§ **YOUR TASK**:
The lines to extract run from the first line of the entries through the line that contains "interpret P: pair_prob_space ?Dh ?DU .."; reproduce exactly those lines and no others.

[Source data]
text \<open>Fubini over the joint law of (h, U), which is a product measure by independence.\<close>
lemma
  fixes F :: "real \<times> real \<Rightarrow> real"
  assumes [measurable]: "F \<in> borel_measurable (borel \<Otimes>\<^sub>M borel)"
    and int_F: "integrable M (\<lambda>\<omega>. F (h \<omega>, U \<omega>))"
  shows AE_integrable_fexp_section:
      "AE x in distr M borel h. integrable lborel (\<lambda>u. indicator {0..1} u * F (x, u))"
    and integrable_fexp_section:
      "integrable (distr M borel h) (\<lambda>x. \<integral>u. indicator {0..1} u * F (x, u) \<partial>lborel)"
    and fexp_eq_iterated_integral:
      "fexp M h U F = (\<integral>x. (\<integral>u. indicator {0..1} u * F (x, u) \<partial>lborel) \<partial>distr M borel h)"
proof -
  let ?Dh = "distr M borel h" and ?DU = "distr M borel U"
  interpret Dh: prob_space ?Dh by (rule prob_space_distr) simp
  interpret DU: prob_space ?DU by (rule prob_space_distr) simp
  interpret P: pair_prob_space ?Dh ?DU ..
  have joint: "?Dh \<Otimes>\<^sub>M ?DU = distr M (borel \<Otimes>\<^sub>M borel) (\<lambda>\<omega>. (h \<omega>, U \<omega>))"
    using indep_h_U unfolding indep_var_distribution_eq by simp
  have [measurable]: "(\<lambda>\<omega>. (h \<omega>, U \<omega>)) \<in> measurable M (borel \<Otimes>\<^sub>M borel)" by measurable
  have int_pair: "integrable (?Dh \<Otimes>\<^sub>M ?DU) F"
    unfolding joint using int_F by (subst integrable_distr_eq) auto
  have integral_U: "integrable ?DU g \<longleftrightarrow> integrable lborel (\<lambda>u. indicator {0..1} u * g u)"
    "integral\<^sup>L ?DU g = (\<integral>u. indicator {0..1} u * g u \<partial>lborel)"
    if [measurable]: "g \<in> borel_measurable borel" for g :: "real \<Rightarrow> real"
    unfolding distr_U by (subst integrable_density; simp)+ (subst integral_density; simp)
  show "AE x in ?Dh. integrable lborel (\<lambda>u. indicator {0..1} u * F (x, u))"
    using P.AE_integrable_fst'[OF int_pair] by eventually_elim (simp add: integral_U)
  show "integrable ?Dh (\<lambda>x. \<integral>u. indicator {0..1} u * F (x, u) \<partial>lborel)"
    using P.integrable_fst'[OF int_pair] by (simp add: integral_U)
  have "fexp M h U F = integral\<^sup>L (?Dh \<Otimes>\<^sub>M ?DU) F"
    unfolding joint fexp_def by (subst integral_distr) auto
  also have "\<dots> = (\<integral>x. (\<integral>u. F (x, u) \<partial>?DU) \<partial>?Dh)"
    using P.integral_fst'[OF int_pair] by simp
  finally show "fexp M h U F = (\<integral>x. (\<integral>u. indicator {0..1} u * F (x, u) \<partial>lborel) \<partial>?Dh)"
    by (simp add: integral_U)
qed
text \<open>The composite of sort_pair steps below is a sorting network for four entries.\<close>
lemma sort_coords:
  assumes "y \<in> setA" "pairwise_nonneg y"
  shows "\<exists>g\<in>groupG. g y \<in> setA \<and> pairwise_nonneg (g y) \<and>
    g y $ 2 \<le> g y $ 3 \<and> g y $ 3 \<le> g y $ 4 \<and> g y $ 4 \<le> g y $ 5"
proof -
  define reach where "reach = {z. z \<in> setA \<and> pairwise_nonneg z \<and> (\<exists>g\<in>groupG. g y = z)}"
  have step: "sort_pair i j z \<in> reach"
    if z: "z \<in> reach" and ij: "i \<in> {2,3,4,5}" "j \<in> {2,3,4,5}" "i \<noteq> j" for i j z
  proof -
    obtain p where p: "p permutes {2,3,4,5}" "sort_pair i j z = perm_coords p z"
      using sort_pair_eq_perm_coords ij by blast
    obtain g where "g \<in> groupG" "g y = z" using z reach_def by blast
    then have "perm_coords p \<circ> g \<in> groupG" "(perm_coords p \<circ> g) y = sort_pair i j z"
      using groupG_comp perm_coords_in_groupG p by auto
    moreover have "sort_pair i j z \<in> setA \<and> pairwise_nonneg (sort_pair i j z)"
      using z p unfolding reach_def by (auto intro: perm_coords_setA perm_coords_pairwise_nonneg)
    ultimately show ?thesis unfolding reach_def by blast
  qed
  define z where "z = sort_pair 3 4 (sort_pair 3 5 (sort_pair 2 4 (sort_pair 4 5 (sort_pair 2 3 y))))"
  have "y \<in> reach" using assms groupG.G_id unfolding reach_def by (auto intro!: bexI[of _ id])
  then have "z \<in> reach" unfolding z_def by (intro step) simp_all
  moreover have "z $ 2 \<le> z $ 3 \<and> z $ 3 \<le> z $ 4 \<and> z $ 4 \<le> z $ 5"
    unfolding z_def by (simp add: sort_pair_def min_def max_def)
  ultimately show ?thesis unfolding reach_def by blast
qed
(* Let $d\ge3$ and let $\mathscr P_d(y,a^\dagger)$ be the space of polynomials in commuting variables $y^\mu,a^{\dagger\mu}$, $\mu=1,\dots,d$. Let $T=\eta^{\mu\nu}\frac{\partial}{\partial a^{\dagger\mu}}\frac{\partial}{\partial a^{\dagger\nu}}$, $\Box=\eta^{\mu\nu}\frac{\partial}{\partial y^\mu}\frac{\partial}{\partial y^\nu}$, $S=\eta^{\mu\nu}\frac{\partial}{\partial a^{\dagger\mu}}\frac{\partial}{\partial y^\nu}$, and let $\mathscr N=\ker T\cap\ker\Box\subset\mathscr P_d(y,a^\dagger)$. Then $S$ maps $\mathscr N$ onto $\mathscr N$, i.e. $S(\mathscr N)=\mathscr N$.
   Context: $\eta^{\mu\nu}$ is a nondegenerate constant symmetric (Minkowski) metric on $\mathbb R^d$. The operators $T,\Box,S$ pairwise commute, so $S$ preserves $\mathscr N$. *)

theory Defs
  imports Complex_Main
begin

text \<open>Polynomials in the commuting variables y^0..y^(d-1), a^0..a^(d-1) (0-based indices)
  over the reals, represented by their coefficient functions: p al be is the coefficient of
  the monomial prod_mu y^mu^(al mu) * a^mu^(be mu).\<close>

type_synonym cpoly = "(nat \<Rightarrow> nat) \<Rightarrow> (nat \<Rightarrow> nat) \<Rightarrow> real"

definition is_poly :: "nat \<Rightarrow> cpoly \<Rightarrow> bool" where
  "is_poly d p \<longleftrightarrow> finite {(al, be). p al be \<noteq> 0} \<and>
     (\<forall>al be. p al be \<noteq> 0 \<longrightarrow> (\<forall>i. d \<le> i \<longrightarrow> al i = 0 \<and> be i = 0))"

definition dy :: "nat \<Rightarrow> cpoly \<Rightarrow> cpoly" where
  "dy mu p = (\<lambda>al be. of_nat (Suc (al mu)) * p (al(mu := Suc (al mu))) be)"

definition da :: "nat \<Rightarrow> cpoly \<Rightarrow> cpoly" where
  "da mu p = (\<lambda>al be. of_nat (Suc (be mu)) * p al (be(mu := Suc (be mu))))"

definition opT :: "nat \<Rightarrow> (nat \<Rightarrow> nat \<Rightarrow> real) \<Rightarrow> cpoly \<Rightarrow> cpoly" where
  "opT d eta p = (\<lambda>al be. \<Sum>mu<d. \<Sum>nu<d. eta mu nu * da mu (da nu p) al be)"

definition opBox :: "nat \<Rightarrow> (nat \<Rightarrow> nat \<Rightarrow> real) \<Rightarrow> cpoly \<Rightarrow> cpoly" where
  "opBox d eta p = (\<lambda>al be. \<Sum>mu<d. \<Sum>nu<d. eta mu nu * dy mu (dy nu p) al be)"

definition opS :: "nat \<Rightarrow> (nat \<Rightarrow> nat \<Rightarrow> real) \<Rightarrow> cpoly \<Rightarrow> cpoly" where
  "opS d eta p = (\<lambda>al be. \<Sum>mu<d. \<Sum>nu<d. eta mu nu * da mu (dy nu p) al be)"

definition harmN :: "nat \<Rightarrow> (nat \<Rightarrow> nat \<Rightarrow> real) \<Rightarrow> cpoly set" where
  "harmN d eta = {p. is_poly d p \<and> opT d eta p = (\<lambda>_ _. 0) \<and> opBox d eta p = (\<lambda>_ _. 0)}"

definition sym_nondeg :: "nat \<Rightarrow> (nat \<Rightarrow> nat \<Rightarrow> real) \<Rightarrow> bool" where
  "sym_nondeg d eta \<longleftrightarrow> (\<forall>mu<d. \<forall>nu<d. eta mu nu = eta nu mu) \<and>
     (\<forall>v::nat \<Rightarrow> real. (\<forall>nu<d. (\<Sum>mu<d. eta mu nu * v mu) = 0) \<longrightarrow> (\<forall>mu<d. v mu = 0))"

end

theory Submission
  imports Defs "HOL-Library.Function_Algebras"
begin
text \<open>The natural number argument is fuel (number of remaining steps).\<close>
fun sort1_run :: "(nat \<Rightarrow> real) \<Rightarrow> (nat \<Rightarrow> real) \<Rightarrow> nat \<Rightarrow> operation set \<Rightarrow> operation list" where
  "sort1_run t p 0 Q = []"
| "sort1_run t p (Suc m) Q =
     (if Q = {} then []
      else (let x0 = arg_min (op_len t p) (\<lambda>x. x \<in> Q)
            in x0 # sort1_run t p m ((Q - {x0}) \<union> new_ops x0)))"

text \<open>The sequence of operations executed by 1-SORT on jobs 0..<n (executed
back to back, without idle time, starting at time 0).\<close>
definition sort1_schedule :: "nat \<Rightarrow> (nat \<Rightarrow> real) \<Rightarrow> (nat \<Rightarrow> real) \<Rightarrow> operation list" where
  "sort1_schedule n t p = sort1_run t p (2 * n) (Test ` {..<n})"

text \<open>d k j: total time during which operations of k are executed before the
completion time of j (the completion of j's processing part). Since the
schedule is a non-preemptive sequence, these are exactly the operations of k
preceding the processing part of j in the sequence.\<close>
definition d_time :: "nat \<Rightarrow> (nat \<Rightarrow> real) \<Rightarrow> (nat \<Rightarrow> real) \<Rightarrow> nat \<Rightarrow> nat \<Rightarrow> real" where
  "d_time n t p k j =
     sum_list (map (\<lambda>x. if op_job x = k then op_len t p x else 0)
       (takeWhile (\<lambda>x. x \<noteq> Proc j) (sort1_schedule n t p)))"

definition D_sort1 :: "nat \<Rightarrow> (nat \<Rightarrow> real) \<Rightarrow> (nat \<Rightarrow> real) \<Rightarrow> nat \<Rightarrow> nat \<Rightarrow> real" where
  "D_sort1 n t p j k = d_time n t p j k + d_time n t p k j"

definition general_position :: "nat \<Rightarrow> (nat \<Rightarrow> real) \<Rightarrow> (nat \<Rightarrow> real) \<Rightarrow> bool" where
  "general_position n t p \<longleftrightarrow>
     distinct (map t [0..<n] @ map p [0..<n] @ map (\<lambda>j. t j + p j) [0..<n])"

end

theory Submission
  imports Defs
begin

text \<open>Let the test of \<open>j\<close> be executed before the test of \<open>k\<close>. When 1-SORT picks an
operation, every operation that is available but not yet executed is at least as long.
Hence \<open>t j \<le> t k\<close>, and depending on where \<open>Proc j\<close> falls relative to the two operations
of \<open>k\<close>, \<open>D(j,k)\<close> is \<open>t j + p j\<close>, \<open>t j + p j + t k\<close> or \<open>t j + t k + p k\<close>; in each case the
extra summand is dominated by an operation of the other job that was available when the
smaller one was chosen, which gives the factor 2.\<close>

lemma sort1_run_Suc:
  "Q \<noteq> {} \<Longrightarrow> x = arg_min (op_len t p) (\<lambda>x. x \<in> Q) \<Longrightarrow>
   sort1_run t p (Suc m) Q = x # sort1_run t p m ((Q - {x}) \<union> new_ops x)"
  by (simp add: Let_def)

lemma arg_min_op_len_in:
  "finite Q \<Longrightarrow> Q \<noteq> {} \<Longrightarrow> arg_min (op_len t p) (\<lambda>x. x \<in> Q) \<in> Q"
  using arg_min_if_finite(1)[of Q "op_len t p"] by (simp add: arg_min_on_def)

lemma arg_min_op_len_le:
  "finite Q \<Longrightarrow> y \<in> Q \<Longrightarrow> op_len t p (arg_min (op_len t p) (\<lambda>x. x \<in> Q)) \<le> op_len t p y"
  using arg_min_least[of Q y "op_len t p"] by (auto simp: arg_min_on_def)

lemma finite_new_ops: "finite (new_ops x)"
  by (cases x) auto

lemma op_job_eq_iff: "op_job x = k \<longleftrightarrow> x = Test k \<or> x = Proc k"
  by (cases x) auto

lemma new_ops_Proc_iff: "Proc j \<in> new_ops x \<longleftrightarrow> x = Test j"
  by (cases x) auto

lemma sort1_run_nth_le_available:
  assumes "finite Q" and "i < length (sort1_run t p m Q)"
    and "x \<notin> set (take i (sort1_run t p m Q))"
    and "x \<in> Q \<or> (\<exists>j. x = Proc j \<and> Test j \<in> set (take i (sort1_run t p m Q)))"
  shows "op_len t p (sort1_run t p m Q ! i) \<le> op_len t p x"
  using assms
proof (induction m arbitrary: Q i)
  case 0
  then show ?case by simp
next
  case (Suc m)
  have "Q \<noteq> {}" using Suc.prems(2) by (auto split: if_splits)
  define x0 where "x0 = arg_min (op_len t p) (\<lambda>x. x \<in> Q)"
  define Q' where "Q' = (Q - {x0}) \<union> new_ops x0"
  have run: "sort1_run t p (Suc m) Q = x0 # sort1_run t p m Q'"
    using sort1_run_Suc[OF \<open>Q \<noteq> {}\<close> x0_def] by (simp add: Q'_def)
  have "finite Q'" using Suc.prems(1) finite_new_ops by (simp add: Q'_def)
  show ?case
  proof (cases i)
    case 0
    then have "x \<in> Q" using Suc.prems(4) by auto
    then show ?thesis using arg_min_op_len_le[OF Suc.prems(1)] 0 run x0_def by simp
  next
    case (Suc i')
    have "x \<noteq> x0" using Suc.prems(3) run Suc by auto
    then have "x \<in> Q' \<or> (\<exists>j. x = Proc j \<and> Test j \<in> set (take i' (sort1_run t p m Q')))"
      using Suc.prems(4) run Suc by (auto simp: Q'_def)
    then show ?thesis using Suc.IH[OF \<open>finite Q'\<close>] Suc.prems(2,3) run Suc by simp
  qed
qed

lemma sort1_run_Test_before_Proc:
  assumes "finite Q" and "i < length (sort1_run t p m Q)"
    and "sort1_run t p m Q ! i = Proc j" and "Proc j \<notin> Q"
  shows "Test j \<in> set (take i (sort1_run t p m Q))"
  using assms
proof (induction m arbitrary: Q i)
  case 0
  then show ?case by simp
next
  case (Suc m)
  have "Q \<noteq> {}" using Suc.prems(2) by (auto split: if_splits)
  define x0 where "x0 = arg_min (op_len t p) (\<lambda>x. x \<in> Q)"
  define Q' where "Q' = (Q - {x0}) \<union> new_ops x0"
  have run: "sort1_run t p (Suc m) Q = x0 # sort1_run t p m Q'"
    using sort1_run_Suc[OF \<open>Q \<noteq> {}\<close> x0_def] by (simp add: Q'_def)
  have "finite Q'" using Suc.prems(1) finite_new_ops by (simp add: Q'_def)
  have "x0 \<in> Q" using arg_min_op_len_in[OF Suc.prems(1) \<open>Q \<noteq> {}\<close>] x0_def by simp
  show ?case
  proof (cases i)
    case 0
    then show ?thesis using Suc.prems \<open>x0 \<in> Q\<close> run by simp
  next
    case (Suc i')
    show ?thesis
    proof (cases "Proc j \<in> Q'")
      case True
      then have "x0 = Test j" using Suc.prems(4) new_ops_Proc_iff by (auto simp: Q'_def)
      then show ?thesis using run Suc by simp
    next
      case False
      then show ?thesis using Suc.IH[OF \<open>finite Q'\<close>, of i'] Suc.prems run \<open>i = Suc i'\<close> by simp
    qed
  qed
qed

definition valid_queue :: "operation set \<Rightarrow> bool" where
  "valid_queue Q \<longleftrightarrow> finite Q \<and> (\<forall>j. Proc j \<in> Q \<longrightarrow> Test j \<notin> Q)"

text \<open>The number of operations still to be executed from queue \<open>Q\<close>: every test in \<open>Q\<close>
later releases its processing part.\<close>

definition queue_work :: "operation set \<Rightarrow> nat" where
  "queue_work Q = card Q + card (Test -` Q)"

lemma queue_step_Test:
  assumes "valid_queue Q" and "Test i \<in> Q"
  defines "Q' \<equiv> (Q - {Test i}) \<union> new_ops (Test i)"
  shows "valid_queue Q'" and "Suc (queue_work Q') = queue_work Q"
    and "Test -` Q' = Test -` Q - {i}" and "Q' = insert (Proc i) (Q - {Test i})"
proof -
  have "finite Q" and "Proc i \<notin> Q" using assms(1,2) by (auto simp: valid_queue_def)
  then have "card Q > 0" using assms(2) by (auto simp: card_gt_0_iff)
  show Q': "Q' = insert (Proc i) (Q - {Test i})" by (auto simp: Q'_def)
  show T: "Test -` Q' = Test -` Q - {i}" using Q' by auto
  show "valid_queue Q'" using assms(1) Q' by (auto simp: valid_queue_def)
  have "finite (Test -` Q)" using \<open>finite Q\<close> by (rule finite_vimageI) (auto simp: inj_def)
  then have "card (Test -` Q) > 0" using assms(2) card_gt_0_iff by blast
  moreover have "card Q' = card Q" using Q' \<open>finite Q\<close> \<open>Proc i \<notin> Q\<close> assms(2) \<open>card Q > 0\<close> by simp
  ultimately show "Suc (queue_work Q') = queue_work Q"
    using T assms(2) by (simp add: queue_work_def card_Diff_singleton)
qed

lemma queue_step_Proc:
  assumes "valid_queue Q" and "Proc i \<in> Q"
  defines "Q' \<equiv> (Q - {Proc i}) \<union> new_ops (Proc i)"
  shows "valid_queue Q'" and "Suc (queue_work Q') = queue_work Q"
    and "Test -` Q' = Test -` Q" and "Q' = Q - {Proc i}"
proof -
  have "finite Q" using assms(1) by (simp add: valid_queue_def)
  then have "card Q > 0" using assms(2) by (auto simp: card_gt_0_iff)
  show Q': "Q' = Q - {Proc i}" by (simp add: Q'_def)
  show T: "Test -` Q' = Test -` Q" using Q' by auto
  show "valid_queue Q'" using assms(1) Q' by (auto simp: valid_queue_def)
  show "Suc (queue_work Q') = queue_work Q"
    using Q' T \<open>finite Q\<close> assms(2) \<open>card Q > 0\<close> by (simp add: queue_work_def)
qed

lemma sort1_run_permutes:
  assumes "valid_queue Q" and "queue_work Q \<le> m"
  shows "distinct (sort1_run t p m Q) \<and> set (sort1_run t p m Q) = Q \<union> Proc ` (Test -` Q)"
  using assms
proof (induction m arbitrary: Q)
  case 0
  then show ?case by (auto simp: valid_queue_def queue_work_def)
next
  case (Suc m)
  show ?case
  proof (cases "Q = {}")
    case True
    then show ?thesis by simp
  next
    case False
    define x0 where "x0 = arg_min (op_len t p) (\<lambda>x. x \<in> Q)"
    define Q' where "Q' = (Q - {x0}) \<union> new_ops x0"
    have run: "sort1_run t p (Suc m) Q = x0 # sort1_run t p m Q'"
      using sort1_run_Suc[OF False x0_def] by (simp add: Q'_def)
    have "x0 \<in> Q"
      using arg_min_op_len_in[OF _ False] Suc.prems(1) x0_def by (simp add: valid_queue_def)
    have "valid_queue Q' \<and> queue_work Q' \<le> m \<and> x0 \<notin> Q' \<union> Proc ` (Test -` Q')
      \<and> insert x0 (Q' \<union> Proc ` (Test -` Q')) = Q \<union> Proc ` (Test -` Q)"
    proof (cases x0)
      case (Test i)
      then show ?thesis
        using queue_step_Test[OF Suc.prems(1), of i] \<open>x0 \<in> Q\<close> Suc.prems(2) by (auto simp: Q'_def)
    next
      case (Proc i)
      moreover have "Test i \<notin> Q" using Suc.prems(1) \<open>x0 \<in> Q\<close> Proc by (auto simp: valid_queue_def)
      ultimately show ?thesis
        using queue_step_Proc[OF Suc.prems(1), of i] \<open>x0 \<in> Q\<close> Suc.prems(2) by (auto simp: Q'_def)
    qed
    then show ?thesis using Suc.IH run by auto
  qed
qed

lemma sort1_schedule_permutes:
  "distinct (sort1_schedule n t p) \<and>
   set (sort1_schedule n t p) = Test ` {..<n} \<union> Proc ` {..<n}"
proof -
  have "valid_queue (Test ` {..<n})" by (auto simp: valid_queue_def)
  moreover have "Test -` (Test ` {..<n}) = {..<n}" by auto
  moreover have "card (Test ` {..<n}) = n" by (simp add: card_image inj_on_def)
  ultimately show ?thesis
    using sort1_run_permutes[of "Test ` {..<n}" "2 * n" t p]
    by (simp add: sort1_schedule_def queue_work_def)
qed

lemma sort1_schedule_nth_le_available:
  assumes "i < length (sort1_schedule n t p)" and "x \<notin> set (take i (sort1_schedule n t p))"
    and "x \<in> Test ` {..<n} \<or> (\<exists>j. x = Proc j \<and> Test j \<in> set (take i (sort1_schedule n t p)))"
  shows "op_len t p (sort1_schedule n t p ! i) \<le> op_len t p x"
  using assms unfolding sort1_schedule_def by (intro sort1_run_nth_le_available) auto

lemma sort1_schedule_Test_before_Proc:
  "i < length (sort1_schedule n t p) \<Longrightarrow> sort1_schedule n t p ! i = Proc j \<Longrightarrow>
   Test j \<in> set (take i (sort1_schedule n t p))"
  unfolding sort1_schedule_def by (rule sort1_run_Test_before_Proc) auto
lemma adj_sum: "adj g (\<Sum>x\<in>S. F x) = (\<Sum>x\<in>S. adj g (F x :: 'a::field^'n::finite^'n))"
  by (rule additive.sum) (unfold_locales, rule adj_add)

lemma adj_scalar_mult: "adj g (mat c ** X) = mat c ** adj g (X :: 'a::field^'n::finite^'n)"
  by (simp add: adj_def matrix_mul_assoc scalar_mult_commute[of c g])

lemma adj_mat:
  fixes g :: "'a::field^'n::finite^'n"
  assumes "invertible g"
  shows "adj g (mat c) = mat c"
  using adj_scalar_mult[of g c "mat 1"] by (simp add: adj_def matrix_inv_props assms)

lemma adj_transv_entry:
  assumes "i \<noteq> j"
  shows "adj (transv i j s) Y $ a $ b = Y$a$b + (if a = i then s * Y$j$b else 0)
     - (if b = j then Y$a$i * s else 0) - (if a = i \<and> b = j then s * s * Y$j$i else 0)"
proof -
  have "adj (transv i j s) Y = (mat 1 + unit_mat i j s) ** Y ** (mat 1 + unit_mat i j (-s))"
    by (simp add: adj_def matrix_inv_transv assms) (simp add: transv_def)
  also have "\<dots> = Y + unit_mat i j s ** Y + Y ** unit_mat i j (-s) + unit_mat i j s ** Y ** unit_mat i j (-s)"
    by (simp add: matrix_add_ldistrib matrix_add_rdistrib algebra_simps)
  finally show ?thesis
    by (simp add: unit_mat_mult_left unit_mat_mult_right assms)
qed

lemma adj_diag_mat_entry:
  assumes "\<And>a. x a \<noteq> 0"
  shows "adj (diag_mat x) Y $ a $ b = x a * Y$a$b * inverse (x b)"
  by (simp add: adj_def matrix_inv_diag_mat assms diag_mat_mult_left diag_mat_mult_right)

§ **THE ANSWER**:
text \<open>Fubini over the joint law of (h, U), which is a product measure by independence.\<close>
lemma
  fixes F :: "real \<times> real \<Rightarrow> real"
  assumes [measurable]: "F \<in> borel_measurable (borel \<Otimes>\<^sub>M borel)"
    and int_F: "integrable M (\<lambda>\<omega>. F (h \<omega>, U \<omega>))"
  shows AE_integrable_fexp_section:
      "AE x in distr M borel h. integrable lborel (\<lambda>u. indicator {0..1} u * F (x, u))"
    and integrable_fexp_section:
      "integrable (distr M borel h) (\<lambda>x. \<integral>u. indicator {0..1} u * F (x, u) \<partial>lborel)"
    and fexp_eq_iterated_integral:
      "fexp M h U F = (\<integral>x. (\<integral>u. indicator {0..1} u * F (x, u) \<partial>lborel) \<partial>distr M borel h)"
proof -
  let ?Dh = "distr M borel h" and ?DU = "distr M borel U"
  interpret Dh: prob_space ?Dh by (rule prob_space_distr) simp
  interpret DU: prob_space ?DU by (rule prob_space_distr) simp
  interpret P: pair_prob_space ?Dh ?DU ..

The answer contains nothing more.